Would you reproduce all of the entries below, character for character?
>>
(* Let $H=\{\lambda\in B_{1/\sqrt2}(0):\ \mathrm{Re}(\lambda)>0,\ \mathrm{Im}(\lambda)>0\}\setminus B_{2/3}(1/3)$. Then $$\mathcal M\cap \mathrm{int}(H)\subset \mathrm{clos}(\mathrm{int}(\mathcal M)),$$ i.e. every point of $\mathcal M$ lying in the interior of $H$ is a limit of interior points of $\mathcal M$.
   Context: $\mathbb D=\{z\in\mathbb C:|z|<1\}$; $B_r(z_0)$ denotes the open disc of radius $r$ centered at $z_0$. For $\lambda\in\mathbb D$, $A_\lambda=\{\sum_{n\ge0}a_n\lambda^n: a_n\in\{-1,1\}\}$ is the attractor of the iterated function system $\{\lambda z-1,\lambda z+1\}$ on $\mathbb C$. $\mathcal M=\{\lambda\in\mathbb D: A_\lambda \text{ is connected}\}$; equivalently $\mathcal M=\{\lambda\in\mathbb D:\ \exists (a_k)_{k\ge1},\ a_k\in\{-1,0,1\},\ 1+\sum_{k\ge1}a_k\lambda^k=0\}$. $\mathrm{int}$ and $\mathrm{clos}$ denote interior and closure in $\mathbb C$. *)

theory Defs
  imports "HOL-Analysis.Analysis"
begin

definition attractor :: "complex \<Rightarrow> complex set" where
  "attractor l = {(\<Sum>n. complex_of_int (a n) * l ^ n) | a. \<forall>n. a n \<in> {-1, 1}}"

definition connLocus :: "complex set" where
  "connLocus = {l. norm l < 1 \<and> connected (attractor l)}"

definition regionH :: "complex set" where
  "regionH = {l. l \<in> ball 0 (1 / sqrt 2) \<and> Re l > 0 \<and> Im l > 0} - ball (1/3) (2/3)"

end

theory Submission
  imports Defs "HOL-Complex_Analysis.Complex_Analysis"
begin

text \<open>
  The attractor \<open>A\<close> of \<open>z \<mapsto> \<mu> z - 1, \<mu> z + 1\<close> is the intersection of nested compact sets,
  each the union of the two images of its predecessor; hence \<open>A\<close> is connected iff its two pieces
  \<open>\<mu> A - 1\<close> and \<open>\<mu> A + 1\<close> meet, i.e. iff \<open>1/\<mu>\<close> has an expansion \<open>\<Sum> c\<^sub>n \<mu>\<^sup>n\<close> with digits in
  \<open>{-1, 0, 1}\<close>. For \<open>\<mu> \<in> H\<close> a parallelogram containing the disc of radius \<open>1/4\<close> is mapped into itself
  by the expansion map \<open>z \<mapsto> (z - d)/\<mu>\<close> for a suitable digit \<open>d\<close>, so all its points have such
  expansions. Consequently \<open>\<mu> \<in> M\<close> as soon as a truncation \<open>P\<^sub>N(\<mu>) = (\<Sum>n<N. c\<^sub>n \<mu>\<^sup>n\<^sup>+\<^sup>1)\<close>
  satisfies \<open>|1 - P\<^sub>N(\<mu>)| < |\<mu>|\<^sup>N\<^sup>+\<^sup>1/4\<close>, an open condition that holds wherever \<open>P\<^sub>N = 1\<close>.
  Finally, for \<open>\<lambda> \<in> M \<inter> int H\<close> with digits \<open>c\<close>, the polynomials \<open>1 - P\<^sub>N\<close> converge locally uniformly
  to \<open>1 - \<Sum> c\<^sub>n z\<^sup>n\<^sup>+\<^sup>1\<close>, which vanishes at \<open>\<lambda>\<close> but not at \<open>0\<close>; by Hurwitz's theorem \<open>P\<^sub>N = 1\<close> has
  solutions arbitrarily close to \<open>\<lambda>\<close>, and they lie in \<open>int M\<close>.
\<close>

lemma Inter_Un_decseq:
  assumes "decseq A" and "decseq B"
  shows "(\<Inter>n. A n \<union> B n) = (\<Inter>n. A n) \<union> (\<Inter>n. B n)"
proof (intro equalityI subsetI)
  fix x assume x: "x \<in> (\<Inter>n. A n \<union> B n)"
  show "x \<in> (\<Inter>n. A n) \<union> (\<Inter>n. B n)"
  proof (cases "x \<in> (\<Inter>n. A n)")
    case False
    then obtain m where m: "x \<notin> A m" by blast
    have "x \<in> B n" for n
    proof -
      have "x \<notin> A (max m n)"
        using m decseqD[OF assms(1), of m "max m n"] by auto
      then have "x \<in> B (max m n)"
        using x by blast
      then show ?thesis
        using decseqD[OF assms(2), of n "max m n"] by auto
    qed
    then show ?thesis by blast
  qed simp
qed auto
<<
Response area →
(* Let $H=\{\lambda\in B_{1/\sqrt2}(0):\ \mathrm{Re}(\lambda)>0,\ \mathrm{Im}(\lambda)>0\}\setminus B_{2/3}(1/3)$. Then $$\mathcal M\cap \mathrm{int}(H)\subset \mathrm{clos}(\mathrm{int}(\mathcal M)),$$ i.e. every point of $\mathcal M$ lying in the interior of $H$ is a limit of interior points of $\mathcal M$.
   Context: $\mathbb D=\{z\in\mathbb C:|z|<1\}$; $B_r(z_0)$ denotes the open disc of radius $r$ centered at $z_0$. For $\lambda\in\mathbb D$, $A_\lambda=\{\sum_{n\ge0}a_n\lambda^n: a_n\in\{-1,1\}\}$ is the attractor of the iterated function system $\{\lambda z-1,\lambda z+1\}$ on $\mathbb C$. $\mathcal M=\{\lambda\in\mathbb D: A_\lambda \text{ is connected}\}$; equivalently $\mathcal M=\{\lambda\in\mathbb D:\ \exists (a_k)_{k\ge1},\ a_k\in\{-1,0,1\},\ 1+\sum_{k\ge1}a_k\lambda^k=0\}$. $\mathrm{int}$ and $\mathrm{clos}$ denote interior and closure in $\mathbb C$. *)

theory Defs
  imports "HOL-Analysis.Analysis"
begin

definition attractor :: "complex \<Rightarrow> complex set" where
  "attractor l = {(\<Sum>n. complex_of_int (a n) * l ^ n) | a. \<forall>n. a n \<in> {-1, 1}}"

definition connLocus :: "complex set" where
  "connLocus = {l. norm l < 1 \<and> connected (attractor l)}"

definition regionH :: "complex set" where
  "regionH = {l. l \<in> ball 0 (1 / sqrt 2) \<and> Re l > 0 \<and> Im l > 0} - ball (1/3) (2/3)"

end

theory Submission
  imports Defs "HOL-Complex_Analysis.Complex_Analysis"
begin

text \<open>
  The attractor \<open>A\<close> of \<open>z \<mapsto> \<mu> z - 1, \<mu> z + 1\<close> is the intersection of nested compact sets,
  each the union of the two images of its predecessor; hence \<open>A\<close> is connected iff its two pieces
  \<open>\<mu> A - 1\<close> and \<open>\<mu> A + 1\<close> meet, i.e. iff \<open>1/\<mu>\<close> has an expansion \<open>\<Sum> c\<^sub>n \<mu>\<^sup>n\<close> with digits in
  \<open>{-1, 0, 1}\<close>. For \<open>\<mu> \<in> H\<close> a parallelogram containing the disc of radius \<open>1/4\<close> is mapped into itself
  by the expansion map \<open>z \<mapsto> (z - d)/\<mu>\<close> for a suitable digit \<open>d\<close>, so all its points have such
  expansions. Consequently \<open>\<mu> \<in> M\<close> as soon as a truncation \<open>P\<^sub>N(\<mu>) = (\<Sum>n<N. c\<^sub>n \<mu>\<^sup>n\<^sup>+\<^sup>1)\<close>
  satisfies \<open>|1 - P\<^sub>N(\<mu>)| < |\<mu>|\<^sup>N\<^sup>+\<^sup>1/4\<close>, an open condition that holds wherever \<open>P\<^sub>N = 1\<close>.
  Finally, for \<open>\<lambda> \<in> M \<inter> int H\<close> with digits \<open>c\<close>, the polynomials \<open>1 - P\<^sub>N\<close> converge locally uniformly
  to \<open>1 - \<Sum> c\<^sub>n z\<^sup>n\<^sup>+\<^sup>1\<close>, which vanishes at \<open>\<lambda>\<close> but not at \<open>0\<close>; by Hurwitz's theorem \<open>P\<^sub>N = 1\<close> has
  solutions arbitrarily close to \<open>\<lambda>\<close>, and they lie in \<open>int M\<close>.
\<close>

lemma Inter_Un_decseq:
  assumes "decseq A" and "decseq B"
  shows "(\<Inter>n. A n \<union> B n) = (\<Inter>n. A n) \<union> (\<Inter>n. B n)"
proof (intro equalityI subsetI)
  fix x assume x: "x \<in> (\<Inter>n. A n \<union> B n)"
  show "x \<in> (\<Inter>n. A n) \<union> (\<Inter>n. B n)"
  proof (cases "x \<in> (\<Inter>n. A n)")
    case False
    then obtain m where m: "x \<notin> A m" by blast
    have "x \<in> B n" for n
    proof -
      have "x \<notin> A (max m n)"
        using m decseqD[OF assms(1), of m "max m n"] by auto
      then have "x \<in> B (max m n)"
        using x by blast
      then show ?thesis
        using decseqD[OF assms(2), of n "max m n"] by auto
    qed
    then show ?thesis by blast
  qed simp
qed auto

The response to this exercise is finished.